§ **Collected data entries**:

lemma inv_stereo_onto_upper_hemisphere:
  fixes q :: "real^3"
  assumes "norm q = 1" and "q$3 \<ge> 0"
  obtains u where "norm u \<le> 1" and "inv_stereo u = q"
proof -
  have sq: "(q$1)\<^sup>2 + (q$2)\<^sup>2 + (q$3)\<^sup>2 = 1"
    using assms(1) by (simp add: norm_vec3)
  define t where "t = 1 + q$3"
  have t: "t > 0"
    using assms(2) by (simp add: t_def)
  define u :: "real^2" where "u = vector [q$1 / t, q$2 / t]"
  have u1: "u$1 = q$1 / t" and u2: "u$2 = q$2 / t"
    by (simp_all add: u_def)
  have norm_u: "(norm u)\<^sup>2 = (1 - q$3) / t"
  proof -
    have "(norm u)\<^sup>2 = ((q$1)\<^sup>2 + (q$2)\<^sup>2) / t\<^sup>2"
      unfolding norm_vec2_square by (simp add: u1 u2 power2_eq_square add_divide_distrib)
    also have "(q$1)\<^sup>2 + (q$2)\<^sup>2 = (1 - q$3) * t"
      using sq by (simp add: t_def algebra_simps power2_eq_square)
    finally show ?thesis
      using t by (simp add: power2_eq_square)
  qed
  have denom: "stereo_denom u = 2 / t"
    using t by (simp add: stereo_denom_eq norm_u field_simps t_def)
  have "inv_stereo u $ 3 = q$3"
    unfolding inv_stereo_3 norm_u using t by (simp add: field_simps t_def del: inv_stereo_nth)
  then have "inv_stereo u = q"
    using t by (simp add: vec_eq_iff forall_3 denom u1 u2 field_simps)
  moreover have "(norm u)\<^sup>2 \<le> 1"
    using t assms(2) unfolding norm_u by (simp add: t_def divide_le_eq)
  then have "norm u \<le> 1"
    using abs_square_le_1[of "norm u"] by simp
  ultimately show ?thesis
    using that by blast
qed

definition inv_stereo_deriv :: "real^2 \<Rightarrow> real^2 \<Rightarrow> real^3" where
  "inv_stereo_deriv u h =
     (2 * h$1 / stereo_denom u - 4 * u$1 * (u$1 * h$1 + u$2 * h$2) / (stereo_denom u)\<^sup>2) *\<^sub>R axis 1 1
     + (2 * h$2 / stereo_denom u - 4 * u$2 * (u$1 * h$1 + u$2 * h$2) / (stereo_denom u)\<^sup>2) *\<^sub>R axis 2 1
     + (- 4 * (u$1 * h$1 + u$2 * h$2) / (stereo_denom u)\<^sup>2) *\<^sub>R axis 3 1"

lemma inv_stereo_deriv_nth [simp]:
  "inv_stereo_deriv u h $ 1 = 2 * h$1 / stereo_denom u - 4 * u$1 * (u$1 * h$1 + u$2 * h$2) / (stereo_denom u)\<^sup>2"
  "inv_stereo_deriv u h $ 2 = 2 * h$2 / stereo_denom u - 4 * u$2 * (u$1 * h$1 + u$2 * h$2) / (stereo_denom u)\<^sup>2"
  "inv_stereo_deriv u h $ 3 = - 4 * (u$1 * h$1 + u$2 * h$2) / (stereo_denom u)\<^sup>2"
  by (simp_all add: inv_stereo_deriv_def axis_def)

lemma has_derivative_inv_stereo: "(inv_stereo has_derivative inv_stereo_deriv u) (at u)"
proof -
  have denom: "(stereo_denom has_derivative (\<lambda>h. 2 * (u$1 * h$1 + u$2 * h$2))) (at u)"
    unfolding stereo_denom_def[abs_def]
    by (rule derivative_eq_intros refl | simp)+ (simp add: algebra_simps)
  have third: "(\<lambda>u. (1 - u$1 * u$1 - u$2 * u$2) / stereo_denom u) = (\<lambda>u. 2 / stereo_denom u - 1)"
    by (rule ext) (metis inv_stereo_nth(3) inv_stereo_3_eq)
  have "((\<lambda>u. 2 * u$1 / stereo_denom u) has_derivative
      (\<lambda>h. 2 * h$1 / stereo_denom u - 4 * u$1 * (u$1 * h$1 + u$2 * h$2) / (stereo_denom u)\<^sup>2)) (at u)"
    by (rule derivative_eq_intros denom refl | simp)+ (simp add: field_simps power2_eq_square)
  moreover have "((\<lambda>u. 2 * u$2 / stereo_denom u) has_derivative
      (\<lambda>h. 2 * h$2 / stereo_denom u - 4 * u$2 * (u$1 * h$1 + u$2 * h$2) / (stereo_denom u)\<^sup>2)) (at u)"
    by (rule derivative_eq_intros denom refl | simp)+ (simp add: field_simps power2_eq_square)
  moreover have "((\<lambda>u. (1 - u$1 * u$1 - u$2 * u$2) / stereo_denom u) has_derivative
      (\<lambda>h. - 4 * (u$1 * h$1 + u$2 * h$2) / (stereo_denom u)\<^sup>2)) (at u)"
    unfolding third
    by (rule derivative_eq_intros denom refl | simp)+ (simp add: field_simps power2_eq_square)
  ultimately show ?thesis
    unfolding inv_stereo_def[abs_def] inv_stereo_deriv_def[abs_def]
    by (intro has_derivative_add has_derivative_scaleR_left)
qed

...

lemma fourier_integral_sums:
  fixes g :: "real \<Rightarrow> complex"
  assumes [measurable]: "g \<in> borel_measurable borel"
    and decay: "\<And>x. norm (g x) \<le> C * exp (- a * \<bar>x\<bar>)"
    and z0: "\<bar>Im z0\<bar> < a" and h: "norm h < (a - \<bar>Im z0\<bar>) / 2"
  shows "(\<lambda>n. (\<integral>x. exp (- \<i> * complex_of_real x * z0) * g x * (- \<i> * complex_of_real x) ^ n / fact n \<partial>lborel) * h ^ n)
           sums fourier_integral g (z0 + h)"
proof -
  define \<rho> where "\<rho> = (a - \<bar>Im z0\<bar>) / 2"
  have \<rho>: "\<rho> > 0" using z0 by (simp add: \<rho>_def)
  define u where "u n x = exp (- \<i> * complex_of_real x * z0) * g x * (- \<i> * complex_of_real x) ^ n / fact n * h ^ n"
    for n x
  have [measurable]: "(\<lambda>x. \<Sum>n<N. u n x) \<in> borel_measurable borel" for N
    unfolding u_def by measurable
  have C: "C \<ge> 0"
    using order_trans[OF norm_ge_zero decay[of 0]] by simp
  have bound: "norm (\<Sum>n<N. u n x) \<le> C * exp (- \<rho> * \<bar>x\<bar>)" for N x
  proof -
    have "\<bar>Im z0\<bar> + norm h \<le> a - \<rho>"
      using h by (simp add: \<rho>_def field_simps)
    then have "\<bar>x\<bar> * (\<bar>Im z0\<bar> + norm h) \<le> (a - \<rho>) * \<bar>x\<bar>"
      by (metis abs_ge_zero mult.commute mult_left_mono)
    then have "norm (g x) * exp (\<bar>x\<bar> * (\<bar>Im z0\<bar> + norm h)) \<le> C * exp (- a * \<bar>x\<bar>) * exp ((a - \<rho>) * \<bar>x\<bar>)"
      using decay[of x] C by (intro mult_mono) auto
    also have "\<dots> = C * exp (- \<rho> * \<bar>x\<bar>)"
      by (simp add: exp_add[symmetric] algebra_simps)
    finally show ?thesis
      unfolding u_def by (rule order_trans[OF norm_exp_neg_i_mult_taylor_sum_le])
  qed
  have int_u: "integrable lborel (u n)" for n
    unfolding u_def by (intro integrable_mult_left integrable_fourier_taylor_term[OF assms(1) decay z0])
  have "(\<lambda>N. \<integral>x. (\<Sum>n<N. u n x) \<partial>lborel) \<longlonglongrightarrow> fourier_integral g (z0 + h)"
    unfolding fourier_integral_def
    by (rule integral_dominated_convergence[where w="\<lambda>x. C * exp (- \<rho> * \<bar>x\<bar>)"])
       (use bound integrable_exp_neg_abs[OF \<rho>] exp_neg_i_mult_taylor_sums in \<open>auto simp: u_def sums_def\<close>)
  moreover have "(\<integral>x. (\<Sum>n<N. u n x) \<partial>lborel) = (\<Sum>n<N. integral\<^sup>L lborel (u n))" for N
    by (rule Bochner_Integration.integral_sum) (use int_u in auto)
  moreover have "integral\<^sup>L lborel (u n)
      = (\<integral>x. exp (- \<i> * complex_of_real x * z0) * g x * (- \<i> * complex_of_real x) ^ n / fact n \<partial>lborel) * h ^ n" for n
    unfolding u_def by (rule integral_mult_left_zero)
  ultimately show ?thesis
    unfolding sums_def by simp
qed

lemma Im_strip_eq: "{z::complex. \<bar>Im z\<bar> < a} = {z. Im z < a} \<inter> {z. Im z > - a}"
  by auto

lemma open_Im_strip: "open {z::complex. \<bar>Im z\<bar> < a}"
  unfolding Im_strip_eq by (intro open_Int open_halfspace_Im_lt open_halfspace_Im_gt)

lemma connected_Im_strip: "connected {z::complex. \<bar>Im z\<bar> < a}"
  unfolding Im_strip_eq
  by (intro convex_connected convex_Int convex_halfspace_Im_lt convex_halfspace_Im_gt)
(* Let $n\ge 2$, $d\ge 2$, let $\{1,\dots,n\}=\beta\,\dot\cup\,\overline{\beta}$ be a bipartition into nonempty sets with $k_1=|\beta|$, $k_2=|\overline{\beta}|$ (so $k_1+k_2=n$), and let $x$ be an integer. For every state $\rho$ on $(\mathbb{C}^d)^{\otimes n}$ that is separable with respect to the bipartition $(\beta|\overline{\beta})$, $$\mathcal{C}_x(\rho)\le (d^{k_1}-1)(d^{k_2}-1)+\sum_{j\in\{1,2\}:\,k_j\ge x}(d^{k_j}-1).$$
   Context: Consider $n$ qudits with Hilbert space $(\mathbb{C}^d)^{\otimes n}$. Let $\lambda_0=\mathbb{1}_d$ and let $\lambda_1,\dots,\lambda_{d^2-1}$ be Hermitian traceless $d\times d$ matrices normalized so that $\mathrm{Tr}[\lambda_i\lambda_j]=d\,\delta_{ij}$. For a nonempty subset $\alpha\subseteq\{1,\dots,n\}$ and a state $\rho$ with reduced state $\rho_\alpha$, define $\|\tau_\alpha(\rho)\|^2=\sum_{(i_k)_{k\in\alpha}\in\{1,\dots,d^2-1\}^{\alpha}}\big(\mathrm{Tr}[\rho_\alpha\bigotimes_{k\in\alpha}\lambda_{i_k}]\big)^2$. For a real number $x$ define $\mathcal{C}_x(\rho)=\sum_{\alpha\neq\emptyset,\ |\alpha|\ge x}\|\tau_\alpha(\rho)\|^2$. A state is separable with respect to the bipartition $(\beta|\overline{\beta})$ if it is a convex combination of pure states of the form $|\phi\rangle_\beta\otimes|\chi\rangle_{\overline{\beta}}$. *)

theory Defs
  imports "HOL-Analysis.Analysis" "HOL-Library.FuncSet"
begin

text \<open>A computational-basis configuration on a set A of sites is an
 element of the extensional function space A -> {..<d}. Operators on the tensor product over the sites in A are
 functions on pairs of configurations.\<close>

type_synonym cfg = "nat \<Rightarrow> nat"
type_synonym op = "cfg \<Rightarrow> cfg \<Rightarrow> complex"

---

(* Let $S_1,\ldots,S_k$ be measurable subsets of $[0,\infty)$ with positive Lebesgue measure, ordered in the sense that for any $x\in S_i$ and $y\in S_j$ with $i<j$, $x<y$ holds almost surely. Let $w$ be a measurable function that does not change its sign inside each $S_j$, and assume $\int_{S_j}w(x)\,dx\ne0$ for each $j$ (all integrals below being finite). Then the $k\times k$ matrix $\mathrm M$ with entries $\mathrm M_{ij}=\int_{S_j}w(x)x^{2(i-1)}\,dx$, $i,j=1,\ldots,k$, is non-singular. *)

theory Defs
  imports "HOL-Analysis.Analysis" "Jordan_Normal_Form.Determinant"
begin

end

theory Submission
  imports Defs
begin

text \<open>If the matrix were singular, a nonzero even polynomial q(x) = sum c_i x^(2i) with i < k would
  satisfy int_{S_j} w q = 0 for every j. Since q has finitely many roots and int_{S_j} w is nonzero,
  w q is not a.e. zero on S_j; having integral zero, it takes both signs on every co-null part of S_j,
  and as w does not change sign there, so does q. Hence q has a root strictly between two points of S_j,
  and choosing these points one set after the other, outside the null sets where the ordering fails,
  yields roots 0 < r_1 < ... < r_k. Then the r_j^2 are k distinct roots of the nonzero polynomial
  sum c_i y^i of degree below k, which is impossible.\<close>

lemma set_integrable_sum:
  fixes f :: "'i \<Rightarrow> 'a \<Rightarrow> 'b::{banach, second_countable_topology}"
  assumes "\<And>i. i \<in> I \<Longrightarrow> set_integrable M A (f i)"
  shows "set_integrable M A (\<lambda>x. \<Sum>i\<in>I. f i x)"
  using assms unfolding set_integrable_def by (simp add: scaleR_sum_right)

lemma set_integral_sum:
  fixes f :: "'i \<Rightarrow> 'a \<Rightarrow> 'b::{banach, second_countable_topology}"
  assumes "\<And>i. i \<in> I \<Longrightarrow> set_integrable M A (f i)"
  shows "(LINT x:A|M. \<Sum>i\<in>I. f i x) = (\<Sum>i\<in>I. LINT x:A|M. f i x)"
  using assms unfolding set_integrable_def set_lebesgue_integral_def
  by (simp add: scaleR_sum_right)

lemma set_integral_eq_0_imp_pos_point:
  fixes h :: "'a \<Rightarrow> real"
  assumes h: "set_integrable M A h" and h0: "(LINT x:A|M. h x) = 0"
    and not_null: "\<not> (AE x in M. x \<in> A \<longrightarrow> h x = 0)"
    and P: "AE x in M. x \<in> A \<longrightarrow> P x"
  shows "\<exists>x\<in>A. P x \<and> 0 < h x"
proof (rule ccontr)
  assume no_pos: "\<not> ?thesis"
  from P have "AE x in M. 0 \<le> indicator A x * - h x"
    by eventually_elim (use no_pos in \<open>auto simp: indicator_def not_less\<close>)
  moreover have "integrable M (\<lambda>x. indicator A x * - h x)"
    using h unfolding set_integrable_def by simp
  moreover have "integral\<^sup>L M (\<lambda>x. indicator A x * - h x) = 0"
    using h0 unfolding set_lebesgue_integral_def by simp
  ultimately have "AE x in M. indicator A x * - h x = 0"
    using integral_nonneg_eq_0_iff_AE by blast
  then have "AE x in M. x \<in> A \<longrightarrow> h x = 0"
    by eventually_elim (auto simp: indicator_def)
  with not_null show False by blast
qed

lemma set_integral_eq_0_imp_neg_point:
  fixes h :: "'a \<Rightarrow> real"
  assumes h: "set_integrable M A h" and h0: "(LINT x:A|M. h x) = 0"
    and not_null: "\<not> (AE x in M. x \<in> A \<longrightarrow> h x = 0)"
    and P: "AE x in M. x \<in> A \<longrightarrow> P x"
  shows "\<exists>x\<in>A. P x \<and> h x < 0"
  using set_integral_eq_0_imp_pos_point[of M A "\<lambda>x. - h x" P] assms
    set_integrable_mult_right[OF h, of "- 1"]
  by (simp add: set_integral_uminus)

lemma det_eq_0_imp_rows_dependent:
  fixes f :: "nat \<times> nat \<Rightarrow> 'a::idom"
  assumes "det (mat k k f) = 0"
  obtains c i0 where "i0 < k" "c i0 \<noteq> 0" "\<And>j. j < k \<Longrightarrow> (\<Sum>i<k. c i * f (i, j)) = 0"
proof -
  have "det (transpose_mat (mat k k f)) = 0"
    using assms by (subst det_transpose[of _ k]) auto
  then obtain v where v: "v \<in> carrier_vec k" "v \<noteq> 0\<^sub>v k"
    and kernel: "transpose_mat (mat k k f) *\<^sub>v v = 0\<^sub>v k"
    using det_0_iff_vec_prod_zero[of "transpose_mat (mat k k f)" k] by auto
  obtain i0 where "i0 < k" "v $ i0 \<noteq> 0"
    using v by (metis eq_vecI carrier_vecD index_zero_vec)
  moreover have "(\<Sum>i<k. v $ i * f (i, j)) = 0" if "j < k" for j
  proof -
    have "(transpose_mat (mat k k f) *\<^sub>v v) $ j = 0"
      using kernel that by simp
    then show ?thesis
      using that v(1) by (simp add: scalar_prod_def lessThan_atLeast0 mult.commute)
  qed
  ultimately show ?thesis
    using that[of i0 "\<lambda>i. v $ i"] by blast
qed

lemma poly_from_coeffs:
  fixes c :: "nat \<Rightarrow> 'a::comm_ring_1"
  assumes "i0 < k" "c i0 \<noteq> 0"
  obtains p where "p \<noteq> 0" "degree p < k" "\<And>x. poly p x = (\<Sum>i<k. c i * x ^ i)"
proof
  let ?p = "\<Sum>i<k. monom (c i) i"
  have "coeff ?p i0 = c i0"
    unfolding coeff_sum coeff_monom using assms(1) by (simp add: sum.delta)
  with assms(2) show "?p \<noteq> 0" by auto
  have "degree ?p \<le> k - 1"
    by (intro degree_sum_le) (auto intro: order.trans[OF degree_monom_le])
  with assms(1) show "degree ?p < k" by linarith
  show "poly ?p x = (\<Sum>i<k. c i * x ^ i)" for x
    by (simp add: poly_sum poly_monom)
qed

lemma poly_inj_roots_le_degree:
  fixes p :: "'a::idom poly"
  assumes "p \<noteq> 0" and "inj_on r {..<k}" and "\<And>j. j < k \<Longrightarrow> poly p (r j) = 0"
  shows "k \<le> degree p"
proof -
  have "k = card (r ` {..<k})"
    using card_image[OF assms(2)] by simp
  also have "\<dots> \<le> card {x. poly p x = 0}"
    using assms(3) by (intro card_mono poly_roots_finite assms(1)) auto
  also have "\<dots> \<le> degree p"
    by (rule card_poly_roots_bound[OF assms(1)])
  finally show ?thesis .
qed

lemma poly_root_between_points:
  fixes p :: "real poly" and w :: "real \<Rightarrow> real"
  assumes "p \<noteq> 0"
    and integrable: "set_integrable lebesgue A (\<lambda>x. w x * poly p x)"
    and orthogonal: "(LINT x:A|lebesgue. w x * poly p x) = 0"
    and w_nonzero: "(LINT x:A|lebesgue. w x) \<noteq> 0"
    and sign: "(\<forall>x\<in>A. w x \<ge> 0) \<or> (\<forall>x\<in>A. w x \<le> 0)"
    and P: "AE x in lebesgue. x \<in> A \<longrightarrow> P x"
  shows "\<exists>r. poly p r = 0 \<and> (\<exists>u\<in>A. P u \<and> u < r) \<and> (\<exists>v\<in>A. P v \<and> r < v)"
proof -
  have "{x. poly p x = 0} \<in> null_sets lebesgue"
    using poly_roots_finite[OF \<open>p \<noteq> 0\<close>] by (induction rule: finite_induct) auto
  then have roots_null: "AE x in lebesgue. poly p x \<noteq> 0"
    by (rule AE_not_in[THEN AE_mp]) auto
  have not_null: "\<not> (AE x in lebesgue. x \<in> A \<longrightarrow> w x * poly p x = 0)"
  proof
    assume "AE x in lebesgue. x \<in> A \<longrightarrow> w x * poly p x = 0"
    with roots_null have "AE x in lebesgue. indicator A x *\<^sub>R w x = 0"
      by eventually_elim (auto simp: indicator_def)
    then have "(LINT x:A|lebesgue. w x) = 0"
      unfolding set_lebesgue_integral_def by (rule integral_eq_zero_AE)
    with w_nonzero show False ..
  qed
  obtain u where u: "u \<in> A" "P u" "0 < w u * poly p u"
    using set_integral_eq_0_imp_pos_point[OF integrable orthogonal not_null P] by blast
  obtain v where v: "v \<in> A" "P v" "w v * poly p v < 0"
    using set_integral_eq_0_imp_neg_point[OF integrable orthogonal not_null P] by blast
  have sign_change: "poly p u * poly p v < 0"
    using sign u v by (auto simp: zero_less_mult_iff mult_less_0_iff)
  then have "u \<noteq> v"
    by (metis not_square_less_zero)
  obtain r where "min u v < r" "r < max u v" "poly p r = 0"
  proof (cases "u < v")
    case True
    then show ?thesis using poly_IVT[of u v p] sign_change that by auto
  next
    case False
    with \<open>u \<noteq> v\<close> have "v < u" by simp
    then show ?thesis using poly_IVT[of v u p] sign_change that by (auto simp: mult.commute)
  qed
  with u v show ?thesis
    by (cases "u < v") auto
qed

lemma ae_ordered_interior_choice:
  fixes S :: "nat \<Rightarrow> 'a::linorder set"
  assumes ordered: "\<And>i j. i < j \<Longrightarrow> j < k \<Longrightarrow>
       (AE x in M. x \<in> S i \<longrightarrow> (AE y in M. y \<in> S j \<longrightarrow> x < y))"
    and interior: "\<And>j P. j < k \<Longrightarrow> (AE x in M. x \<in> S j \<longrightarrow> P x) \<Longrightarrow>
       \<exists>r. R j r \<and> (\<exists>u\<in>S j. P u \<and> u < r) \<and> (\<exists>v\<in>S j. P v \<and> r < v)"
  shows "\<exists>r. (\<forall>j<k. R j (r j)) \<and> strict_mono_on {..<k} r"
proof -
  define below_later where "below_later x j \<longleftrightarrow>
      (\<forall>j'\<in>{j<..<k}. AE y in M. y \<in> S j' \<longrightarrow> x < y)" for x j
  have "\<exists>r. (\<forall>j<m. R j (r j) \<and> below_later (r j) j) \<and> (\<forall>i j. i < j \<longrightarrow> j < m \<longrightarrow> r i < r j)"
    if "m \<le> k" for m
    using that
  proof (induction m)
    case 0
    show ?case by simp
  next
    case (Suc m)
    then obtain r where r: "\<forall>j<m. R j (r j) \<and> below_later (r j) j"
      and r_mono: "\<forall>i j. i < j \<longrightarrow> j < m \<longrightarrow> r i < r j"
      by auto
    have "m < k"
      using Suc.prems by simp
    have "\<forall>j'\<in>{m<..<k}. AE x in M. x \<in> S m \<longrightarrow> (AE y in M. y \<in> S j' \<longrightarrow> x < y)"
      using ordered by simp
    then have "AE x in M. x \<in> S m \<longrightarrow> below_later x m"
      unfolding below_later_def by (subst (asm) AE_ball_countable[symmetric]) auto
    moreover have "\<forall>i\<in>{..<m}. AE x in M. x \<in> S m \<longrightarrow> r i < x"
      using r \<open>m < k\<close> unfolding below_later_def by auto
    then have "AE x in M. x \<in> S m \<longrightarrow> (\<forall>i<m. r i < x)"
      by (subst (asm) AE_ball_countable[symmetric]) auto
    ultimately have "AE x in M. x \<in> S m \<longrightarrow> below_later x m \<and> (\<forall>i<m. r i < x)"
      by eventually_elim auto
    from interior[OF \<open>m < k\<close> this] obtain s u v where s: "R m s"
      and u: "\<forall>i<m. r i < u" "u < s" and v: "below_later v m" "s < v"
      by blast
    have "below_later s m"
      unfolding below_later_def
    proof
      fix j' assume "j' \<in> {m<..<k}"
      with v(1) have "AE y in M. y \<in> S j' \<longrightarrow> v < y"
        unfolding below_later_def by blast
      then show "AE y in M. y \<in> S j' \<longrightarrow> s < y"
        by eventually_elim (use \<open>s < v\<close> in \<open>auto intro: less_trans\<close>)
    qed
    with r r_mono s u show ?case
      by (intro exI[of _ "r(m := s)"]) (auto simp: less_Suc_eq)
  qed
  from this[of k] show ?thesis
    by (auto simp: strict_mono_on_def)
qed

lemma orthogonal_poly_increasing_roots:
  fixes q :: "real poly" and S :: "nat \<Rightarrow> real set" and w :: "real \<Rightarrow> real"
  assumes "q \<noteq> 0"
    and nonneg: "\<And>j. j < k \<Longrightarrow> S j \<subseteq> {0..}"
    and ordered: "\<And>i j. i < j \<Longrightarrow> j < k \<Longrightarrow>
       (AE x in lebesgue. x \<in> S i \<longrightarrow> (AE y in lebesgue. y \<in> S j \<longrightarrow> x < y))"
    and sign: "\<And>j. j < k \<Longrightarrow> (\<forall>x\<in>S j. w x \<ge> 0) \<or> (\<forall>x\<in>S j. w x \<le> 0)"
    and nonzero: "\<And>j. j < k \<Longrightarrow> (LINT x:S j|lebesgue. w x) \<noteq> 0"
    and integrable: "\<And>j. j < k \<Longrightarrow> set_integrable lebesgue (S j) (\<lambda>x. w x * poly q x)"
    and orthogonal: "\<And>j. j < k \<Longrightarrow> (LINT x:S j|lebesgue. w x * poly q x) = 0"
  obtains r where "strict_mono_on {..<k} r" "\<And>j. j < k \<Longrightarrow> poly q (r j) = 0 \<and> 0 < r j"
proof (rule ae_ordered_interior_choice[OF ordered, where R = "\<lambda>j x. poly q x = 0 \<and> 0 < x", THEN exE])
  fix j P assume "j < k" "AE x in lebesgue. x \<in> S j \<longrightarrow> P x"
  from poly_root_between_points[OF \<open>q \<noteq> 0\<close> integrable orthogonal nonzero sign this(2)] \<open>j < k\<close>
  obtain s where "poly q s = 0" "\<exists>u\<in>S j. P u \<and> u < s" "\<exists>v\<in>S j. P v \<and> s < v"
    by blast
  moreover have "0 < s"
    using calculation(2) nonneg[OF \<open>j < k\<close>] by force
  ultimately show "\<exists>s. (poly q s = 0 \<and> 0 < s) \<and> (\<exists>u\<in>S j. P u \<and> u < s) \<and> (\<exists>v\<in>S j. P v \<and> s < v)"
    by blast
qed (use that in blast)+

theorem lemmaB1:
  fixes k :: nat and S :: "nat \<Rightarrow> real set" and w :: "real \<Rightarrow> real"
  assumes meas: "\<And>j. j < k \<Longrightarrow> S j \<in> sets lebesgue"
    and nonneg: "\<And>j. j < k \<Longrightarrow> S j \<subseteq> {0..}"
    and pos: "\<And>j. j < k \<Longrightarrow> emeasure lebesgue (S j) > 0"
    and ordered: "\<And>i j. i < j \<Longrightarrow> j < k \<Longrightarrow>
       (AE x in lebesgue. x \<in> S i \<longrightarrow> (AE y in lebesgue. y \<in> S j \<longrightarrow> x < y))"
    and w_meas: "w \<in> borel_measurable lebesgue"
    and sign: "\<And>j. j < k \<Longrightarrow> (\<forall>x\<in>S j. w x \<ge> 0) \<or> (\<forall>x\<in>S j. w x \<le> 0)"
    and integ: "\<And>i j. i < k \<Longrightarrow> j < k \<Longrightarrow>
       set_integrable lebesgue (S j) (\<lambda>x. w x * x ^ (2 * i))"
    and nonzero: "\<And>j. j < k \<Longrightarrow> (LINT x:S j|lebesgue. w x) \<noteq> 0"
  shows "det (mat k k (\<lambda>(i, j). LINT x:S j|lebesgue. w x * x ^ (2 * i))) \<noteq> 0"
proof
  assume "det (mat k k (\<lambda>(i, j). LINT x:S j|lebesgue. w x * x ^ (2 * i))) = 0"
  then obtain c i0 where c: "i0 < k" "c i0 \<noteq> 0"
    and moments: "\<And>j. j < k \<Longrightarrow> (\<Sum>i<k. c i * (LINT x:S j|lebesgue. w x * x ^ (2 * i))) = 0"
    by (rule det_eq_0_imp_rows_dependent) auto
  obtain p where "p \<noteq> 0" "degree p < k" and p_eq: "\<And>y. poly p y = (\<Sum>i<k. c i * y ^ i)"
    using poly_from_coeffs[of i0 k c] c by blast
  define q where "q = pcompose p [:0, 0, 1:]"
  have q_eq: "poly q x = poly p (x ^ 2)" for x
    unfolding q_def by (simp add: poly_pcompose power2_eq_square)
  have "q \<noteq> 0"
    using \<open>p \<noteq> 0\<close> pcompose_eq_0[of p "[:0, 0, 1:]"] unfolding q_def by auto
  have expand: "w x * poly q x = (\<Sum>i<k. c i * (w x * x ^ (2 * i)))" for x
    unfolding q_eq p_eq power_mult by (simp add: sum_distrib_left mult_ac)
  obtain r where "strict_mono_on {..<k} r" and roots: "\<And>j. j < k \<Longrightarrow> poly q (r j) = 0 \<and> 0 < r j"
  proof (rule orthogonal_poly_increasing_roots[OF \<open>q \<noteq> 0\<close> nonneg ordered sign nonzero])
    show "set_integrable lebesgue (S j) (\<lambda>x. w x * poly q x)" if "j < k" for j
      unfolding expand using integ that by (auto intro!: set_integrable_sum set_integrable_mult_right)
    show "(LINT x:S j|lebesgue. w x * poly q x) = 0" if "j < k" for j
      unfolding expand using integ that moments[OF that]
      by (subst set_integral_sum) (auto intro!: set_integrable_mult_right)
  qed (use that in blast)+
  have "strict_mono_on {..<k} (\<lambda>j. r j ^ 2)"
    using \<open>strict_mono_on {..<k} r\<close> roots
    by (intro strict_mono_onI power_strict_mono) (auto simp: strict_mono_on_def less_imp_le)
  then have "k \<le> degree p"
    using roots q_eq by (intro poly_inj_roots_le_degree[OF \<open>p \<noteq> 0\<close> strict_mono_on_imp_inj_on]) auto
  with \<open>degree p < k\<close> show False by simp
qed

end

§ **GOAL OF THE EXERCISE**: Find and copy each line above that includes the string "kernel".

§ **WRITTEN ANSWER**:
    and kernel: "transpose_mat (mat k k f) *\<^sub>v v = 0\<^sub>v k"
      using kernel that by simp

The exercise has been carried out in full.